[1]:
import os
os.environ['CUDA_VISIBLE_DEVICES'] = '0'

Tutorial B2: Ablation

predict + ersatz (shuffle/dinucleotide shuffle) + predict

In the context of evaluating sequence features, the conceptual opposite of a marginalization experiment is an ablation experiment. A marginalization experiment involves holding fixed a short sequence of interest, such as a protein binding site, but having variable background sequence everywhere else. In contrast, an ablation experiment involves shuffling given coordinates while keeping everything else fixed. Put another way: a marginalization experiment usually involves adding a potentially informative feature to uninformative sequence, whereas an ablation experiment involves removes a potentially informative feature from informative sequence.

A common use-case of an ablation experiment is to systematically remove regions of interest to evaluate their marginal and joint effects. For example, in the genomics setting, one may systematically remove all individual protein binding sites from an enhancer or promoter of interest and evaluate how the predictions change.
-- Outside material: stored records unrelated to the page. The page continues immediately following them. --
lemma sphere_0: "x \<in> V \<Longrightarrow> sphere V E 0 x = {x}"
  unfolding Defs.sphere_def using gdist_eq_0_iff by auto

lemma sphere_1:
  assumes "x \<in> V"
  shows "sphere V E 1 x = nbrs V E x"
proof (intro equalityI subsetI)
  fix y assume "y \<in> sphere V E 1 x"
  then have "walk V E 1 x y" using gdist_walk[OF assms] unfolding Defs.sphere_def by fastforce
  then show "y \<in> nbrs V E x" unfolding nbrs_def by auto
qed (auto simp: nbrs_def Defs.sphere_def gdist_edge)

lemma nbrs_inter_sphere_far:
  assumes "x \<in> V" "gdist V E x v + 2 \<le> i \<or> i + 2 \<le> gdist V E x v"
  shows "nbrs V E v \<inter> sphere V E i x = {}"
  using gdist_edge_le[OF assms(1), of v] gdist_edge_ge[OF assms(1), of v] assms(2)
  unfolding nbrs_def Defs.sphere_def by fastforce

lemma adj_const_regular:
  assumes "\<forall>v\<in>V. card (nbrs V E v) = k"
  shows "\<forall>v\<in>V. adj (\<lambda>_. 1) v = real k * 1"
  using assms unfolding adj_eq_sum_nbrs by simp

lemma regular_eigenvector_const:
  assumes regular: "\<forall>v\<in>V. card (nbrs V E v) = k"
    and f: "\<forall>v\<in>V. adj f v = real k * f v"
  obtains c where "\<forall>v\<in>V. f v = c"
proof -
  define M where "M = Max (f ` V)"
  have fin: "finite (f ` V)" using finite_V by simp
  have "M \<in> f ` V" unfolding M_def using fin V_nonempty by (intro Max_in) auto
  then obtain v\<^sub>0 where v\<^sub>0: "v\<^sub>0 \<in> V" "f v\<^sub>0 = M" by auto
  have le_M: "f y \<le> M" if "y \<in> V" for y unfolding M_def using fin that by simp
  have max_spreads: "f y = M" if w: "w \<in> V" "f w = M" "E w y" for w y
  proof -
    \<comment> \<open>f w is the average of f over the neighbours of w, all of which are at most M\<close>
    have "sum (\<lambda>u. M - f u) (nbrs V E w) = 0"
      using f w regular unfolding adj_eq_sum_nbrs by (simp add: sum_subtractf)
    moreover have "\<forall>u\<in>nbrs V E w. M - f u \<ge> 0" using le_M nbrs_subset by auto
    ultimately have "\<forall>u\<in>nbrs V E w. M - f u = 0" by (simp add: sum_nonneg_eq_0_iff finite_nbrs)
    moreover have "y \<in> nbrs V E w" using w edge_in_V unfolding nbrs_def by auto
    ultimately show ?thesis by simp
  qed
  have "f v = M" if "walk V E n v\<^sub>0 v" for n v
    using that
  proof (induction n arbitrary: v)
    case (Suc n)
    then obtain w where "w \<in> V" "walk V E n v\<^sub>0 w" "E w v" using walk_Suc_snoc by blast
    then show ?case using Suc max_spreads by blast
  qed (use v\<^sub>0 in simp)
  then show ?thesis using that connected v\<^sub>0(1) unfolding connected_graph_def by blast
qed

lemma second_eigenvalue_ge:
  fixes \<theta> :: "nat \<Rightarrow> real"
  assumes regular: "\<forall>v\<in>V. card (nbrs V E v) = k"
    and eig: "{t. adj_eigenvalue V E t} = \<theta> ` {0..D}"
    and dec: "\<And>i j. i < j \<Longrightarrow> j \<le> D \<Longrightarrow> \<theta> j < \<theta> i"
    and \<theta>0: "\<theta> 0 = real k" and "1 \<le> D"
    and p: "\<exists>v\<in>V. p v \<noteq> 0" "sum p V = 0" "m * inprod p p \<le> inprod p (adj p)"
  shows "m \<le> \<theta> 1"
proof -
  have one_perp_iff: "inprod (\<lambda>_. 1) h = 0 \<longleftrightarrow> sum h V = 0" for h by (simp add: inprod_def)
  obtain \<mu> f where f: "\<exists>v\<in>V. f v \<noteq> 0" "inprod (\<lambda>_. 1) f = 0" "\<forall>v\<in>V. adj f v = \<mu> * f v"
    and max: "\<And>h. inprod (\<lambda>_. 1) h = 0 \<Longrightarrow> 1 * inprod h (adj h) \<le> 1 * \<mu> * inprod h h"
    using rayleigh_extremal_eigenvector[OF one_neq_zero adj_const_regular[OF regular] p(1)] p(2)
    unfolding one_perp_iff by metis
  have "m * inprod p p \<le> \<mu> * inprod p p" using max[of p] p(2,3) one_perp_iff by simp
  then have "m \<le> \<mu>" using p(1) inprod_self_pos_iff[of p] by simp
  obtain j where j: "j \<le> D" "\<mu> = \<theta> j" using eigenvalue_index[OF eig f(1,3)] .
  have "j \<noteq> 0"
  proof
    assume "j = 0"
    then obtain c where "\<forall>v\<in>V. f v = c"
      using regular_eigenvector_const[OF regular] f(3) j \<theta>0 by auto
    then show False using f(1,2) one_perp_iff finite_V by auto
  qed
  then have "\<theta> j \<le> \<theta> 1" using dec[of 1 j] j by (cases "j = 1") auto
  then show ?thesis using \<open>m \<le> \<mu>\<close> j by simp
qed

end

section \<open>Distance-regular graphs and their test vectors\<close>

locale distance_regular_graph =
  fixes V :: "'a set" and E :: "'a \<Rightarrow> 'a \<Rightarrow> bool" and b c :: "nat \<Rightarrow> nat"
  assumes distance_regular: "distance_regular_with V E b c"
begin

sublocale connected_simple_graph V E
  using distance_regular unfolding distance_regular_with_def by unfold_locales blast+

definition k :: nat where "k = b 0"

definition a :: "nat \<Rightarrow> real" where "a i = real k - real (b i) - real (c i)"

lemma intersection_numbers:
  assumes "x \<in> V" "v \<in> V" "gdist V E x v = i"
  shows "card (nbrs V E v \<inter> (if i = 0 then {} else sphere V E (i - 1) x)) = c i"
    and "card (nbrs V E v \<inter> sphere V E (i + 1) x) = b i"
  using distance_regular assms unfolding distance_regular_with_def Let_def by metis+

lemma card_nbrs_inter_sphere_Suc:
  "x \<in> V \<Longrightarrow> v \<in> V \<Longrightarrow> gdist V E x v = i \<Longrightarrow> card (nbrs V E v \<inter> sphere V E (i + 1) x) = b i"
  by (rule intersection_numbers(2))

lemma card_nbrs_inter_sphere_pred:
  "x \<in> V \<Longrightarrow> v \<in> V \<Longrightarrow> gdist V E x v = i \<Longrightarrow> 0 < i \<Longrightarrow>
    card (nbrs V E v \<inter> sphere V E (i - 1) x) = c i"
  using intersection_numbers(1)[of x v i] by simp

lemma card_nbrs: "v \<in> V \<Longrightarrow> card (nbrs V E v) = k"
  using card_nbrs_inter_sphere_Suc[of v v 0] sphere_1[of v] gdist_eq_0_iff[of v v]
  unfolding k_def by simp

lemma card_nbrs_inter_sphere_same:
  assumes x: "x \<in> V" and v: "v \<in> V" and i: "gdist V E x v = i"
  shows "real (card (nbrs V E v \<inter> sphere V E i x)) = a i"
proof -
  define C where "C = nbrs V E v \<inter> (if i = 0 then {} else sphere V E (i - 1) x)"
  define A where "A = nbrs V E v \<inter> sphere V E i x"
  define B where "B = nbrs V E v \<inter> sphere V E (i + 1) x"
  have "nbrs V E v = C \<union> A \<union> B"
  proof (intro equalityI subsetI)
    fix z assume z: "z \<in> nbrs V E v"
    then have "gdist V E x z \<le> i + 1" "i \<le> gdist V E x z + 1"
      using gdist_edge_le[OF x] gdist_edge_ge[OF x] i unfolding nbrs_def by auto
    then consider "gdist V E x z = i + 1" | "gdist V E x z = i" | "0 < i" "gdist V E x z = i - 1"
      by linarith
    then show "z \<in> C \<union> A \<union> B"
      using z nbrs_subset unfolding A_def B_def C_def Defs.sphere_def by cases auto
  qed (auto simp: A_def B_def C_def)
  moreover have "C \<inter> A = {}" "C \<inter> B = {}" "A \<inter> B = {}"
    unfolding A_def B_def C_def Defs.sphere_def by auto
  moreover have "finite C" "finite A" "finite B"
    unfolding A_def B_def C_def using finite_nbrs by auto
  ultimately have "card (nbrs V E v) = card C + card A + card B"
    by (simp add: card_Un_disjoint Int_Un_distrib2)
  moreover have "card C = c i" using intersection_numbers(1)[OF x v i] unfolding C_def .
  moreover have "card B = b i" using card_nbrs_inter_sphere_Suc[OF x v i] unfolding B_def .
  ultimately show ?thesis using card_nbrs[OF v] unfolding A_def a_def by simp
qed

lemma c_2_pos:
  assumes x: "x \<in> V" and v: "v \<in> V" "gdist V E x v = 2"
  shows "0 < c 2"
proof -
  obtain z where "z \<in> V" "E z v" "gdist V E x z = 1"
    using gdist_Suc_predecessor[OF x v(1)] v(2) by (metis numeral_2_eq_2 One_nat_def)
  then have "z \<in> nbrs V E v \<inter> sphere V E 1 x"
    unfolding nbrs_def Defs.sphere_def by (auto intro: E_sym)
  then have "card (nbrs V E v \<inter> sphere V E 1 x) \<noteq> 0" using finite_nbrs by auto
  then show ?thesis using card_nbrs_inter_sphere_pred[OF x v] by simp
qed

definition ball_vector :: "'a \<Rightarrow> real \<Rightarrow> 'a \<Rightarrow> real" where
  "ball_vector x t y = indicator (sphere V E 0 x) y + t / k * indicator (sphere V E 1 x) y"

lemma ball_vector_center: "x \<in> V \<Longrightarrow> ball_vector x t x = 1"
  unfolding ball_vector_def Defs.sphere_def using gdist_eq_0_iff[of x x] by (simp add: indicator_def)

lemma ball_vector_dist_1: "v \<in> V \<Longrightarrow> gdist V E x v = 1 \<Longrightarrow> ball_vector x t v = t / k"
  unfolding ball_vector_def Defs.sphere_def by simp

lemma ball_vector_eq_0: "2 \<le> gdist V E x v \<Longrightarrow> ball_vector x t v = 0"
  unfolding ball_vector_def Defs.sphere_def by simp

lemma ball_vector_support: "v \<in> V \<Longrightarrow> ball_vector x t v \<noteq> 0 \<Longrightarrow> gdist V E x v \<le> 1"
  unfolding ball_vector_def Defs.sphere_def by (auto split: split_indicator_asm)

lemma adj_ball_vector:
  "adj (ball_vector x t) v = real (card (nbrs V E v \<inter> sphere V E 0 x))
     + t / k * real (card (nbrs V E v \<inter> sphere V E 1 x))"
  using adj_lincomb[of 1 "indicator (sphere V E 0 x)" "t / k" "indicator (sphere V E 1 x)" v]
  unfolding ball_vector_def[abs_def] adj_indicator by simp

lemma adj_ball_vector_eigen:
  assumes x: "x \<in> V" and v: "v \<in> V" "gdist V E x v \<le> 1"
    and k: "0 < k" and t: "t\<^sup>2 = a 1 * t + k"
  shows "adj (ball_vector x t) v = t * ball_vector x t v"
proof (cases "v = x")
  case True
  have "nbrs V E x \<inter> sphere V E 0 x = {}" using sphere_0[OF x] E_irrefl unfolding nbrs_def by auto
  moreover have "nbrs V E x \<inter> sphere V E 1 x = nbrs V E x" using sphere_1[OF x] by simp
  ultimately show ?thesis
    using True k card_nbrs[OF x] ball_vector_center[OF x] unfolding adj_ball_vector by simp
next
  case False
  then have v1: "gdist V E x v = 1" using v gdist_eq_0_iff[OF x v(1)] by simp
  have "x \<in> nbrs V E v" using v1 sphere_1[OF x] x v(1) E_sym unfolding Defs.sphere_def nbrs_def by auto
  then have "nbrs V E v \<inter> sphere V E 0 x = {x}" using sphere_0[OF x] by auto
  then show ?thesis
    using card_nbrs_inter_sphere_same[OF x v(1) v1] ball_vector_dist_1[OF v(1) v1] k t
    unfolding adj_ball_vector by (simp add: field_simps power2_eq_square)
qed

lemma adj_ball_vector_dist_2:
  assumes x: "x \<in> V" and v: "v \<in> V" "gdist V E x v = 2"
  shows "adj (ball_vector x t) v = t / k * c 2"
  using nbrs_inter_sphere_far[OF x, of v 0] card_nbrs_inter_sphere_pred[OF x v, simplified] v(2)
  unfolding adj_ball_vector by simp

lemma adj_ball_vector_far:
  assumes "x \<in> V" "3 \<le> gdist V E x v"
  shows "adj (ball_vector x t) v = 0"
  using nbrs_inter_sphere_far[OF assms(1), of v 0] nbrs_inter_sphere_far[OF assms(1), of v 1] assms(2)
  unfolding adj_ball_vector by simp

lemma inprod_adj_ball_vector:
  assumes "x \<in> V" "0 < k" "t\<^sup>2 = a 1 * t + k"
  shows "inprod (ball_vector x t) (adj (ball_vector x t)) = t * inprod (ball_vector x t) (ball_vector x t)"
  using adj_ball_vector_eigen[OF assms(1) _ _ assms(2,3)] ball_vector_support
  by (intro inprod_adj_if_eigen_on_support) blast

lemma sum_ball_vector:
  assumes "x \<in> V" "0 < k"
  shows "sum (ball_vector x t) V = 1 + t"
proof -
  have "sum (ball_vector x t) V = card (V \<inter> sphere V E 0 x) + t / k * card (V \<inter> sphere V E 1 x)"
    unfolding ball_vector_def sum.distrib sum_distrib_left[symmetric] sum_indicator_real[OF finite_V] ..
  also have "\<dots> = 1 + t"
    using assms sphere_0 sphere_1 nbrs_subset card_nbrs by (simp add: Int_absorb1)
  finally show ?thesis .
qed

lemma least_eigenvalue_lt:
  fixes \<theta> :: "nat \<Rightarrow> real"
  assumes eig: "{t. adj_eigenvalue V E t} = \<theta> ` {0..D}"
    and dec: "\<And>i j. i < j \<Longrightarrow> j \<le> D \<Longrightarrow> \<theta> j < \<theta> i"
    and "2 \<le> diameter V E" and k: "0 < k"
  shows "\<theta> D < (a 1 - sqrt ((a 1)\<^sup>2 + 4 * k)) / 2"
proof -
  define s where "s = (a 1 - sqrt ((a 1)\<^sup>2 + 4 * k)) / 2"
  have s: "s\<^sup>2 = a 1 * s + k" "s < 0"
    using quadratic_root_minus[of "a 1" k] quadratic_roots_sign(1)[of k "a 1"] k
    unfolding s_def by simp_all
  obtain x w where x: "x \<in> V" and w: "w \<in> V" "gdist V E x w = 2"
    using exists_gdist_eq assms(3) by metis
  have "adj (ball_vector x s) w \<noteq> s * ball_vector x s w"
    using adj_ball_vector_dist_2[OF x w] ball_vector_eq_0 w(2) c_2_pos[OF x w] s(2) k by simp
  then show ?thesis
    using least_eigenvalue_lt_rayleigh[OF eig dec _ inprod_adj_ball_vector[OF x k s(1)]]
      ball_vector_center[OF x] x w(1) unfolding s_def by force
qed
As a more sophisticated example, one might try deleting each of the parts of a composite fusion motif, where multiple motifs are merged together in non-canonical ways, to better understand each component.

Ablate

Ablations can be done in tangermeme using the ablate function. Much like the other functions, ablate takes in a predictive model, one or more sequences, and coordinates to shuffle. Since there are multiple ways that one could shuffle a set of given coordinates, e.g. uniformly random shuffling, replacing with randomly generated sequence, dinucleotide shuffling, etc., ablate allows the user to optionally pass in a shuffling function.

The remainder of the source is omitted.